lemma int_card_avoiding:
  fixes P :: "'i \<Rightarrow> 'x \<Rightarrow> bool"
  assumes "finite A" "finite I"
  shows "int (card {x \<in> A. \<forall>i\<in>I. \<not> P i x})
    = (\<Sum>J\<in>Pow I. (-1) ^ card J * int (card {x \<in> A. \<forall>i\<in>J. P i x}))"
proof -
  define f where "f S = int (card (A \<inter> S))" for S
  have meet: "{x \<in> A. \<forall>i\<in>J. P i x} = A \<inter> \<Inter> ((\<lambda>i. {x. P i x}) ` J)" for J by auto
  have "f (S \<union> T) = f S + f T" if "disjnt S T" for S T
  proof -
    have "card (A \<inter> (S \<union> T)) = card (A \<inter> S) + card (A \<inter> T)"
      unfolding Int_Un_distrib using that assms(1)
      by (intro card_Un_disjoint) (auto simp: disjnt_def)
    then show ?thesis by (simp add: f_def)
  qed
  then have union: "f (\<Union> ((\<lambda>i. {x. P i x}) ` I))
      = (\<Sum>J | J \<subseteq> I \<and> J \<noteq> {}. (-1) ^ (card J + 1) * f (\<Inter> ((\<lambda>i. {x. P i x}) ` J)))"
    using assms(2) by (rule Incl_Excl_UN)
  have "{x \<in> A. \<forall>i\<in>I. \<not> P i x} = A - A \<inter> \<Union> ((\<lambda>i. {x. P i x}) ` I)" by auto
  then have "int (card {x \<in> A. \<forall>i\<in>I. \<not> P i x}) = int (card A) - f (\<Union> ((\<lambda>i. {x. P i x}) ` I))"
    using assms(1) by (simp add: f_def card_Diff_subset_Int of_nat_diff card_mono)
  also have "\<dots> = (\<Sum>J\<in>insert {} {J. J \<subseteq> I \<and> J \<noteq> {}}. (-1) ^ card J * f (\<Inter> ((\<lambda>i. {x. P i x}) ` J)))"
  proof -
    have "finite {J. J \<subseteq> I \<and> J \<noteq> {}}" using assms(2) by simp
    moreover have "- f (\<Union> ((\<lambda>i. {x. P i x}) ` I))
        = (\<Sum>J | J \<subseteq> I \<and> J \<noteq> {}. (-1) ^ card J * f (\<Inter> ((\<lambda>i. {x. P i x}) ` J)))"
      unfolding union by (simp add: sum_negf[symmetric])
    ultimately show ?thesis by (simp add: f_def)
  qed
  also have "insert {} {J. J \<subseteq> I \<and> J \<noteq> {}} = Pow I" by auto
  finally show ?thesis by (simp add: meet f_def)
qed

context comm_group
begin

lemma finite_Hom:
  fixes K :: "('c, 'd) monoid_scheme"
  assumes w: "lin_spans G w J" and K: "comm_group K" "finite (carrier K)"
  shows "finite (Hom G K)"
proof -
  interpret K: comm_group K by fact
  have J: "finite J" "w ` J \<subseteq> carrier G" using w by (auto simp: lin_spans_def)
  have "inj_on (\<lambda>\<phi>. restrict (\<phi> \<circ> w) J) (Hom G K)"
  proof (rule inj_onI)
    fix \<phi> \<phi>' assume \<phi>: "\<phi> \<in> Hom G K" "\<phi>' \<in> Hom G K"
      and eq: "restrict (\<phi> \<circ> w) J = restrict (\<phi>' \<circ> w) J"
    have "\<phi> x = \<phi>' x" if x: "x \<in> carrier G" for x
    proof -
      obtain c where c: "x = lin_comb G w c J" using w x by (auto simp: lin_spans_def)
      have "\<phi> (w j) = \<phi>' (w j)" if "j \<in> J" for j
        using eq that by (metis comp_apply restrict_apply')
      then have "lin_comb K (\<lambda>j. \<phi> (w j)) c J = lin_comb K (\<lambda>j. \<phi>' (w j)) c J"
        using J(2) \<phi> by (intro K.lin_comb_cong) (auto simp: Hom_def image_subset_iff intro: hom_in_carrier)
      then show ?thesis
        using c \<phi> J(2) by (simp add: Hom_def lin_comb_hom[OF K(1)])
    qed
    with \<phi> show "\<phi> = \<phi>'" by (auto simp: Hom_def intro: extensionalityI)
  qed
  moreover have "(\<lambda>\<phi>. restrict (\<phi> \<circ> w) J) ` Hom G K \<subseteq> (\<Pi>\<^sub>E j\<in>J. carrier K)"
    using J(2) by (auto simp: Hom_def image_subset_iff hom_in_carrier)
  moreover have "finite (\<Pi>\<^sub>E j\<in>J. carrier K)" using J(1) K(2) by (rule finite_PiE)
  ultimately show ?thesis by (rule inj_on_finite)
qed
******************************
#### Exercise goal:
Return every line from the material that contains the word "assms".

#### Answer below:
      unfolding Int_Un_distrib using that assms(1)
    using assms(2) by (rule Incl_Excl_UN)
    using assms(1) by (simp add: f_def card_Diff_subset_Int of_nat_diff card_mono)
    have "finite {J. J \<subseteq> I \<and> J \<noteq> {}}" using assms(2) by simp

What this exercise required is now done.